Considerando inoltre la notevole apertura alare del Boeing , ci si
aspettebbe di vedere l'ala destra che tocca la parete poco prima
dell'impatto vero e proprio, staccandosi
in qualche modo dalla fusoliera e rimbalzando in più o meno pezzi sul prato antistante.

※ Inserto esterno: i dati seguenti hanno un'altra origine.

lemma norm_le_onorm:
  assumes "bounded_linear f" "norm x \<le> 1"
  shows "norm (f x) \<le> onorm f"
proof -
  have "norm (f x) \<le> onorm f * norm x"
    by (rule onorm[OF assms(1)])
  also have "\<dots> \<le> onorm f"
    using assms(2) onorm_pos_le[OF assms(1)] by (simp add: mult_left_le)
  finally show ?thesis .
qed

lemma compact_op_near_finite:
  assumes "compact_op cs K" "0 < e"
  obtains G where "finite G" "\<And>f. norm f \<le> 1 \<Longrightarrow> \<exists>g\<in>G. norm (K f - g) < e"
proof -
  define S where "S = closure (K ` {f. norm f \<le> 1})"
  have "compact S"
    using assms(1) by (simp add: compact_op_def S_def)
  moreover have "S \<subseteq> (\<Union>g\<in>S. ball g e)"
    using assms(2) by auto
  ultimately obtain G where "G \<subseteq> S" "finite G" and cover: "S \<subseteq> (\<Union>g\<in>G. ball g e)"
    by (rule compactE_image[OF _ open_ball])
  have "\<exists>g\<in>G. norm (K f - g) < e" if "norm f \<le> 1" for f
  proof -
    have "K f \<in> S"
      unfolding S_def using that by (intro subsetD[OF closure_subset]) simp
    with cover obtain g where "g \<in> G" "dist g (K f) < e"
      by auto
    then show ?thesis
      by (auto simp: dist_norm norm_minus_commute)
  qed
  with \<open>finite G\<close> show ?thesis
    by (rule that)
qed

lemma riesz_operator_power_near_finite:
  assumes cb: "complex_banach_algebra cs" and R: "riesz_operator cs T" and "0 < \<delta>"
  obtains N G where "N > 0" "finite G"
    "\<And>f. norm f \<le> 1 \<Longrightarrow> \<exists>g\<in>G. norm ((T ^^ N) f - g) < \<delta>"
proof -
  have "0 < \<delta> / 2"
    using \<open>0 < \<delta>\<close> by simp
  then obtain N K where N: "N > 0" and K: "compact_op cs K"
    and small: "onorm (\<lambda>f. (T ^^ N) f - K f) < \<delta> / 2"
    by (rule riesz_operator_power_near_compact[OF cb R])
  obtain G where G: "finite G" "\<And>f. norm f \<le> 1 \<Longrightarrow> \<exists>g\<in>G. norm (K f - g) < \<delta> / 2"
    using compact_op_near_finite[OF K \<open>0 < \<delta> / 2\<close>] by blast
  have "bounded_linear T"
    using R by (intro bounded_op_imp_bounded_linear[OF cb]) (auto simp: riesz_operator_def)
  then have bl: "bounded_linear (\<lambda>f. (T ^^ N) f - K f)"
    by (intro bounded_linear_sub bounded_linear_funpow compact_op_imp_bounded_linear[OF cb K])
  have "\<exists>g\<in>G. norm ((T ^^ N) f - g) < \<delta>" if f: "norm f \<le> 1" for f
  proof -
    obtain g where "g \<in> G" "norm (K f - g) < \<delta> / 2"
      using G(2)[OF f] by blast
    moreover have "norm ((T ^^ N) f - K f) < \<delta> / 2"
      using norm_le_onorm[OF bl f] small by simp
    ultimately show ?thesis
      using norm_diff_triangle_less[of "(T ^^ N) f" "K f" "\<delta> / 2" g "\<delta> / 2"] by auto
  qed
  with N G(1) show ?thesis
    by (rule that)
qed

lemma funpow_image_subset: "f ` S \<subseteq> S \<Longrightarrow> (f ^^ n) ` S \<subseteq> S"
  by (induction n) auto

lemma decseq_funpow_image:
  assumes "f ` S \<subseteq> S"
  shows "decseq (\<lambda>n. (f ^^ n) ` S)"
proof (rule decseq_SucI)
  fix n
  have "(f ^^ Suc n) ` S = (f ^^ n) ` (f ` S)"
    by (simp only: funpow_Suc_right image_comp)
  with assms show "(f ^^ Suc n) ` S \<subseteq> (f ^^ n) ` S"
    by blast
qed

lemma continuous_on_funpow:
  assumes "continuous_on S f" "f ` S \<subseteq> S"
  shows "continuous_on S (f ^^ n)"
proof (induction n)
  case 0
  show ?case
    by (simp add: continuous_on_id)
next
  case (Suc n)
  have "continuous_on ((f ^^ n) ` S) f"
    using assms continuous_on_subset funpow_image_subset by blast
  with Suc show ?case
    using continuous_on_compose by fastforce
qed

lemma decseq_closed_eventually_subset:
  fixes A :: "nat \<Rightarrow> 'a::topological_space set"
  assumes dec: "decseq A" and "compact (A 0)" and clo: "\<And>n. closed (A n)"
    and "open U" and sub: "(\<Inter>n. A n) \<subseteq> U"
  obtains M where "A M \<subseteq> U"
proof (rule ccontr)
  assume "\<not> thesis"
  then have outside: "A M - U \<noteq> {}" for M
    using that by blast
  have "(A 0 - U) \<inter> (\<Inter>n\<in>UNIV. A n) \<noteq> {}"
  proof (rule compact_imp_fip_image)
    show "compact (A 0 - U)"
      using assms by (simp add: Diff_eq compact_Int_closed closed_Compl)
    fix I :: "nat set"
    assume "finite I"
    have "A (Max (insert 0 I)) \<subseteq> A n" if "n \<in> insert 0 I" for n
      using \<open>finite I\<close> that by (intro decseqD[OF dec] Max_ge) auto
    then show "(A 0 - U) \<inter> (\<Inter>n\<in>I. A n) \<noteq> {}"
      using outside by blast
  qed (rule clo)
  with sub show False
    by blast
qed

Davanti al Pentagono è stato invece trovato questo rotore di una turbina (in basso a sx), che non può
certo provenire da un motore Rolls Royce (a dx), che è largo
almeno il quadruplo:
Mostrare, o nascondere?
Ci si domanda a questo punto perchè quei pochi frammenti ritrovati siano stati velocemente rimossi da
personale non identificato - ma di certo autorizzato a farlo - in palese
violazione delle più elementari norme di criminologia scientifica:
nulla si tocca o viene spostato dal "luogo del delitto" finchè ogni
singolo oggetto non è stato accuratamente rilevato, catalogato,
misurato e fotografato.
Questo
inspiegabile comportamento sembra quasi suggerire una certa fretta di
nascondere tutto ciò che potesse far capire di che aereo si
trattasse, invece di esserci mostrato proprio per riuscire a farlo.